In preference tuning, the loss isn’t token-level at all. The model generates two complete responses (or is shown a chosen/rejected pair), and the loss pushes the model toward the preferred response and away from the rejected one. This is a fundamentally different optimization signal — it operates at the response level, not the token level.
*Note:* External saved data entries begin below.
lemma trprod_coord_proj:
  "trprod m (coord_proj b J) (coord_proj b' J') = (\<Sum>j\<in>J. \<Sum>j'\<in>J'. (cmod (cinner m (b j) (b' j')))\<^sup>2)"
proof -
  have "(\<Sum>i<m. \<Sum>i'<m. coord_proj b J i i' * coord_proj b' J' i' i)
      = (\<Sum>i<m. \<Sum>j\<in>J. \<Sum>j'\<in>J'. \<Sum>i'<m. (b j i * cnj (b' j' i)) * (b' j' i' * cnj (b j i')))"
    unfolding coord_proj_def sum_product
    by (rule sum.cong[OF refl], subst sum.swap, rule sum.cong[OF refl], subst sum.swap) (simp only: mult_ac)
  also have "\<dots> = (\<Sum>j\<in>J. \<Sum>j'\<in>J'. \<Sum>i<m. \<Sum>i'<m. (b j i * cnj (b' j' i)) * (b' j' i' * cnj (b j i')))"
    by (subst sum.swap, rule sum.cong[OF refl], subst sum.swap, rule refl)
  also have "\<dots> = (\<Sum>j\<in>J. \<Sum>j'\<in>J'. of_real ((cmod (cinner m (b j) (b' j')))\<^sup>2))"
    unfolding cinner_def[symmetric] sum_product[symmetric]
    by (simp only: complex_norm_square cinner_cnj_commute[of m "b' _" "b _"])
  finally show ?thesis
    unfolding trprod_def by (simp only: of_real_sum[symmetric] Re_complex_of_real)
qed
lemma AE_summable_weighted_entry_noise:
  assumes "continuous_on UNIV \<phi>"
  shows "AE x in M. summable (\<lambda>n. \<alpha> n * \<phi> (iterate n (\<lambda>k. W k x)) * (H (W n x) - Hbar) $ i $ j)"
proof -
  define e where "e w = (H w - Hbar) $ i $ j" for w
  interpret noise: bounded_centered_iid M P W e "G + \<bar>Hbar $ i $ j\<bar>"
    unfolding e_def by (rule bounded_centered_iid_entry_noise)
  have "bounded (\<phi> ` sphere 0 1)"
    by (intro compact_imp_bounded compact_continuous_image continuous_on_subset[OF assms] compact_sphere) auto
  then obtain C where C: "\<forall>y\<in>\<phi> ` sphere 0 1. norm y \<le> C"
    unfolding bounded_iff by blast
  define d where "d k x = \<alpha> k * \<phi> (iterate k (\<lambda>m. W m x))" for k x
  have "noise.past_measurable k (d k)" for k
  proof (rule noise.past_measurableI)
    show "(\<lambda>f. \<alpha> k * \<phi> (iterate k f)) \<in> borel_measurable (PiM {..<k} (\<lambda>_. P))"
      using borel_measurable_iterate borel_measurable_continuous_onI[OF assms] by measurable
  qed (simp add: d_def iterate_restrict)
  moreover have "\<bar>d k x\<bar> \<le> \<alpha> k * C" for k x
    using C norm_iterate[of k "\<lambda>m. W m x"] step_nonneg[of k]
    by (auto simp: d_def abs_mult norm_iterate intro: mult_left_mono)
  moreover have "summable (\<lambda>k. (\<alpha> k * C)\<^sup>2)"
    using summable_mult2[OF summable_step_sq, of "C\<^sup>2"] by (simp add: power_mult_distrib)
  ultimately have "AE x in M. convergent (\<lambda>N. noise.noise_sum d N x)"
    by (rule noise.AE_convergent_noise_sum)
  then show ?thesis
    by (simp add: noise.noise_sum_def summable_iff_convergent d_def e_def)
qed
(* Let $C$ and $D$ be nonempty subsets of a Hilbert space $H$ with $D$ closed and convex, and let $P:H\to D$ be the metric projection onto $D$. Let $S$ be a right reversible semitopological semigroup and $\mathcal{S}=\{T_s:s\in S\}$ a representation of $S$ on $C$. Suppose that $x\in C$ is such that the map $s\mapsto T_sx$ is continuous from $S$ into $C$ (norm topology) and $\|T_{ts}x-z\|\le\|T_sx-z\|$ for all $z\in D$ and $s,t\in S$. Then the net $(P(T_sx))_{s\in S}$ converges in norm to some $z_0\in D$, where $S$ is ordered by: $a\le b$ iff $\overline{Sa}\cup\{a\}\supseteq\overline{Sb}\cup\{b\}$, and the limit is taken as $s$ increases in this order.
   Context: A semitopological semigroup is a semigroup with a Hausdorff topology in which $s\mapsto ts$ and $s\mapsto st$ are continuous for each $t$; it is right reversible if $\overline{Sa}\cap\overline{Sb}\neq\emptyset$ for all $a,b\in S$. A representation is a family $T_s:C\to C$ with $T_{st}=T_s\circ T_t$. The metric projection $P(y)$ is the unique point of $D$ nearest to $y$. *)

theory Defs
  imports "HOL-Analysis.Analysis"
begin

text \<open>Metric projection onto D: the (unique, for D closed convex nonempty in a Hilbert space)
 point of D nearest to y.\<close>
definition metric_proj :: "'h::real_normed_vector set \<Rightarrow> 'h \<Rightarrow> 'h" where
  "metric_proj D y = (THE z. z \<in> D \<and> (\<forall>w\<in>D. norm (y - z) \<le> norm (y - w)))"

definition semitop_semigroup :: "('s::{semigroup_mult,t2_space}) itself \<Rightarrow> bool" where
  "semitop_semigroup _ \<longleftrightarrow>
     (\<forall>t::'s. continuous_on UNIV (\<lambda>s. t * s) \<and> continuous_on UNIV (\<lambda>s. s * t))"

definition right_reversible :: "('s::{semigroup_mult,topological_space}) itself \<Rightarrow> bool" where
  "right_reversible _ \<longleftrightarrow>
     (\<forall>a b::'s. closure (range (\<lambda>s. s * a)) \<inter> closure (range (\<lambda>s. s * b)) \<noteq> {})"

definition sg_le :: "'s::{semigroup_mult,topological_space} \<Rightarrow> 's \<Rightarrow> bool" where
  "sg_le a b \<longleftrightarrow>
     closure (range (\<lambda>s. s * b)) \<union> {b} \<subseteq> closure (range (\<lambda>s. s * a)) \<union> {a}"

definition representation_on :: "('s::semigroup_mult \<Rightarrow> 'h \<Rightarrow> 'h) \<Rightarrow> 'h set \<Rightarrow> bool" where
  "representation_on T C \<longleftrightarrow>
     (\<forall>s. T s ` C \<subseteq> C) \<and> (\<forall>s t. \<forall>y\<in>C. T (s * t) y = T s (T t y))"

end

(*
  Write d(s) for the squared distance from T_s x to D.  Since s \<mapsto> norm (T_s x - z) is
  continuous and does not increase along the orbit S a, it is bounded by its value at a on
  the closure of S a as well; with z = P (T_a x) and the Pythagorean inequality for the metric
  projection this gives norm (P (T_s x) - P (T_a x))^2 \<le> d(a) - d(s) for all s \<ge> a.
  Choosing a with d(a) close to inf d therefore makes P (T_s x) nearly constant beyond a, and
  right reversibility lets any two such tails meet, so the projections along a minimising
  sequence are Cauchy; their limit is the limit of the net.  The projection P itself exists
  by completeness, since the parallelogram law makes the sublevel sets in D of the distance
  to y a closed nest of vanishing diameter.
*)
theory Submission
  imports Defs
begin

lemma norm_diff_square_midpoint:
  fixes y u v :: "'a::real_inner"
  shows "(norm (u - v))\<^sup>2 = 2 * (norm (y - u))\<^sup>2 + 2 * (norm (y - v))\<^sup>2 - 4 * (norm (y - midpoint u v))\<^sup>2"
  by (simp add: midpoint_def power2_norm_eq_inner inner_commute algebra_simps)

lemma midpoint_in_convex:
  assumes "convex S" "u \<in> S" "v \<in> S"
  shows "midpoint u v \<in> S"
  using assms closed_segment_subset midpoint_in_closed_segment by blast

lemma norm_diff_square_le_near_infimum:
  fixes y :: "'a::real_inner"
  assumes "convex S" "u \<in> S" "v \<in> S" "\<And>w. w \<in> S \<Longrightarrow> \<delta> \<le> (norm (y - w))\<^sup>2"
    and "(norm (y - u))\<^sup>2 \<le> \<delta> + h" "(norm (y - v))\<^sup>2 \<le> \<delta> + h"
  shows "(norm (u - v))\<^sup>2 \<le> 4 * h"
  using assms(4)[OF midpoint_in_convex[OF assms(1-3)]] assms(5,6) norm_diff_square_midpoint[of u v y]
  by linarith

lemma closest_point_exists_complete:
  fixes S :: "'a::{real_inner,complete_space} set"
  assumes "closed S" "convex S" "S \<noteq> {}"
  obtains p where "p \<in> S" "\<And>w. w \<in> S \<Longrightarrow> norm (y - p) \<le> norm (y - w)"
proof -
  define \<delta> where "\<delta> = Inf ((\<lambda>w. (norm (y - w))\<^sup>2) ` S)"
  have bdd: "bdd_below ((\<lambda>w. (norm (y - w))\<^sup>2) ` S)"
    by (rule bdd_belowI[of _ 0]) auto
  have \<delta>_le: "\<delta> \<le> (norm (y - w))\<^sup>2" if "w \<in> S" for w
    unfolding \<delta>_def by (rule cINF_lower[OF bdd that])
  define K where "K n = S \<inter> {w. (norm (y - w))\<^sup>2 \<le> \<delta> + inverse (Suc n)}" for n :: nat
  have "closed (K n)" for n
    unfolding K_def using \<open>closed S\<close> by (intro closed_Int closed_Collect_le continuous_intros)
  moreover have "K n \<noteq> {}" for n
    using cInf_lessD[of "(\<lambda>w. (norm (y - w))\<^sup>2) ` S" "\<delta> + inverse (Suc n)"] \<open>S \<noteq> {}\<close>
    unfolding K_def \<delta>_def by fastforce
  moreover have "K n \<subseteq> K m" if "m \<le> n" for m n
    using that unfolding K_def by (auto intro: order_trans le_imp_inverse_le)
  moreover have "\<exists>n. \<forall>u\<in>K n. \<forall>v\<in>K n. dist u v < \<epsilon>" if "\<epsilon> > 0" for \<epsilon>
  proof -
    obtain n where n: "inverse (real (Suc n)) < \<epsilon>\<^sup>2 / 4"
      using reals_Archimedean \<open>\<epsilon> > 0\<close> by (metis divide_pos_pos zero_less_numeral zero_less_power)
    have "dist u v < \<epsilon>" if "u \<in> K n" "v \<in> K n" for u v
    proof -
      have "(norm (u - v))\<^sup>2 \<le> 4 * inverse (Suc n)"
        using that \<delta>_le \<open>convex S\<close> by (intro norm_diff_square_le_near_infimum) (auto simp: K_def)
      also have "\<dots> < \<epsilon>\<^sup>2" using n by simp
      finally show ?thesis
        using \<open>\<epsilon> > 0\<close> by (simp add: dist_norm power_less_imp_less_base)
    qed
    then show ?thesis by blast
  qed
  ultimately obtain p where p: "\<And>n. p \<in> K n"
    by (rule decreasing_closed_nest) blast+
  show thesis
  proof
    show "p \<in> S" using p[of 0] by (simp add: K_def)
    have "(norm (y - p))\<^sup>2 \<le> \<delta>"
    proof (rule field_le_epsilon)
      fix e :: real assume "e > 0"
      then obtain n where "inverse (real (Suc n)) < e" using reals_Archimedean by blast
      then show "(norm (y - p))\<^sup>2 \<le> \<delta> + e" using p[of n] by (simp add: K_def)
    qed
    then show "norm (y - p) \<le> norm (y - w)" if "w \<in> S" for w
      using \<delta>_le[OF that] by (simp add: power2_le_imp_le)
  qed
qed

lemma metric_proj_nearest:
  fixes D :: "'a::{real_inner,complete_space} set"
  assumes "closed D" "convex D" "D \<noteq> {}"
  shows metric_proj_in: "metric_proj D y \<in> D"
    and metric_proj_le: "\<And>w. w \<in> D \<Longrightarrow> norm (y - metric_proj D y) \<le> norm (y - w)"
proof -
  have "\<exists>!p. p \<in> D \<and> (\<forall>w\<in>D. norm (y - p) \<le> norm (y - w))"
  proof (rule ex_ex1I)
    show "\<exists>p. p \<in> D \<and> (\<forall>w\<in>D. norm (y - p) \<le> norm (y - w))"
      using closest_point_exists_complete[OF assms] by metis
  next
    show "p = q" if "p \<in> D \<and> (\<forall>w\<in>D. norm (y - p) \<le> norm (y - w))"
      and "q \<in> D \<and> (\<forall>w\<in>D. norm (y - q) \<le> norm (y - w))" for p q
      using any_closest_point_unique[OF assms(2,1), of p q y] that by (simp add: dist_norm)
  qed
  then have "metric_proj D y \<in> D \<and> (\<forall>w\<in>D. norm (y - metric_proj D y) \<le> norm (y - w))"
    unfolding metric_proj_def by (rule theI')
  then show "metric_proj D y \<in> D" "\<And>w. w \<in> D \<Longrightarrow> norm (y - metric_proj D y) \<le> norm (y - w)"
    by auto
qed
The implication for understanding model behavior. When a model refuses a harmless request, that behavior came from the loss signal during post-training — specifically, from preference pairs where refusal was marked as “preferred” for certain categories of requests. When a model formats code in a specific way, that came from SFT demonstrations that showed that formatting. When a model knows facts about the world, that came from pretraining loss on the tokens that contained those facts. Different training stages shape different aspects of behavior because they apply loss to different parts of the output.

Performance Profile

Pretraining efficiency: 8,191 training signals per 8,192-token sequence. Every token contributes. Maximum gradient signal per forward pass.
SFT efficiency: Only assistant tokens contribute loss — typically 30-70% of the sequence. System prompts and user messages are “free” forward-pass context. Effective training signals per sequence drop proportionally.
Masking implementation: A binary mask tensor the same shape as the sequence. Multiply the per-token loss by the mask before averaging. Compute cost: negligible. Implementation complexity: moderate (must correctly track which tokens belong to which role).
Gradient concentration: In SFT, gradients are concentrated on assistant tokens. This means the layers and weights most responsible for generating output text receive stronger, more targeted updates. Weights that mostly process input context receive weaker signals.